State GOP sees SCOTUS pick as campaign issue

Republican Party of Minnesota chairwoman Jennifer Carnahan, along with U.S. Senate candidate Jim Newberger, left, and state attorney general candidate Doug Wardlow, called on Democrats to back President Trump’s supreme court nominee. Tim Pugmire | MPR News

Minnesota Republicans are pressing the state’s two Democratic U.S. Senators, Amy Klobuchar and Tina Smith, to back President Trump’s latest Supreme Court pick.

With both those Senate seats on the ballot this year, GOP leaders say they plan to make the confirmation of Brett Kavanaugh to the nation’s highest court a major campaign issue in Minnesota.

State Republican chair Jennifer Carnahan praised Kavanaugh in a news conference Tuesday as an experienced judge who will uphold the Constitution with an open-minded approach. Carnahan said resistance to the nomination from Democrats could help Republican candidates this fall.

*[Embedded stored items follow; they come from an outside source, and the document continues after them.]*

(* Let $z\in\mathbb{C}$ with $\mathrm{Re}(z)>0$ and $z\neq1$. (1) For $q>2$, $$\zeta_E(z,q)=\frac{(q-2)^{1-z}-(q-1)^{1-z}}{2(z-1)}-\frac1{\Gamma(z)}\sum_{k=1}^\infty\frac{2^k\,\Gamma(z+k)}{(k+1)!}\,\zeta_E(z+k,q).$$ (2) For $q>1$, $$\zeta_E(z,q)=\frac{(q-1)^{1-z}-q^{1-z}}{2(z-1)}-\frac1{\Gamma(z)}\sum_{k=1}^\infty\frac{\Gamma(z+2k)}{(2k+1)!}\,\zeta_E(z+2k,q).$$
   Context: For $q>0$, $\zeta_E(z,q)=\sum_{n=0}^\infty (-1)^n (n+q)^{-z}$ for $\mathrm{Re}(z)>0$, extended by analytic continuation to an entire function of $z$. *)

theory Defs
  imports "HOL-Analysis.Analysis"
begin

text \<open>Alternating Hurwitz (Euler) zeta function, defined by its series
  zeta_E(z,q) = sum_{n>=0} (-1)^n (n+q)^(-z), which converges for Re z > 0
  and q > 0.  Only this half-plane is used in the statement below.\<close>
definition euler_hurwitz_zeta :: "complex \<Rightarrow> real \<Rightarrow> complex" where
  "euler_hurwitz_zeta z q =
     (\<Sum>n. (-1) ^ n * (complex_of_real (real n + q)) powr (- z))"

end

theory Submission
  imports Defs
begin

(* For x > 2 the generalised binomial series expands (x - 2)^(1-z) in the powers x^(1-z-j), and
   for x > 1 it expands (x - 1)^(1-z) - (x + 1)^(1-z) in the odd powers among them.  The term
   j = 1 is 2(z-1) x^(-z) in both cases; solving for x^(-z) writes it as a difference of two
   (1-z)-th powers divided by 2(z-1), minus the higher terms, whose coefficients (1-z choose j)
   become the Gamma quotients of the statement.  Put x = n + q, multiply by (-1)^n and sum over n.
   The differences of powers at n + c and n + c + 2 telescope to c^(1-z) - (c+1)^(1-z), and the
   double series of higher terms converges absolutely for q > 2, resp. q > 1, so summing it over n
   first produces the values zeta_E(z + k, q). *)

lemma norm_summable_imp_has_suminf:
  fixes f :: "nat \<Rightarrow> 'a::banach"
  assumes "summable (\<lambda>n. norm (f n))"
  shows "(f has_sum (\<Sum>n. f n)) UNIV"
  by (rule norm_summable_imp_has_sum[OF assms summable_sums[OF summable_norm_cancel[OF assms]]])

“If the Senate Democrats out of Minnesota, Sen. Klobuchar and Sen. Smith, stand in the way of this and obstruct and play partisan politics and don’t do what’s in the best interest of the country, I think this will negatively impact as they head into the primary and the general election in November.”

Jim Newberger, the GOP-endorsed candidate challenging Klobuchar, also criticized Democrats for not supporting the president’s nominee. He accused them of using the abortion issue and the possibility of the court overturning Roe v. Wade for political gain.

“Abortion certainly seems to be a litmus test for the left, and they’re using this to fan the flames to make more money for their campaigns,” Newberger said.

Klobuchar responded to the nomination on Twitter saying she has “serious concerns” about Kavanaugh, including his views on health care and separation of power issues. She also said he “went out of his way to dissent against net neutrality.”

Prior to the announcement, Klobuchar said in an email to supporters that the Senate should reject “any ideological candidate.”

Smith expressed disappointment with the nomination.

“I had hoped that the president would appoint a consensus justice, a person ready to protect the rights of all Americans over special interests and groups driven by political ideology,” Smith said. “But make no mistake, Judge Kavanaugh will not be that justice.”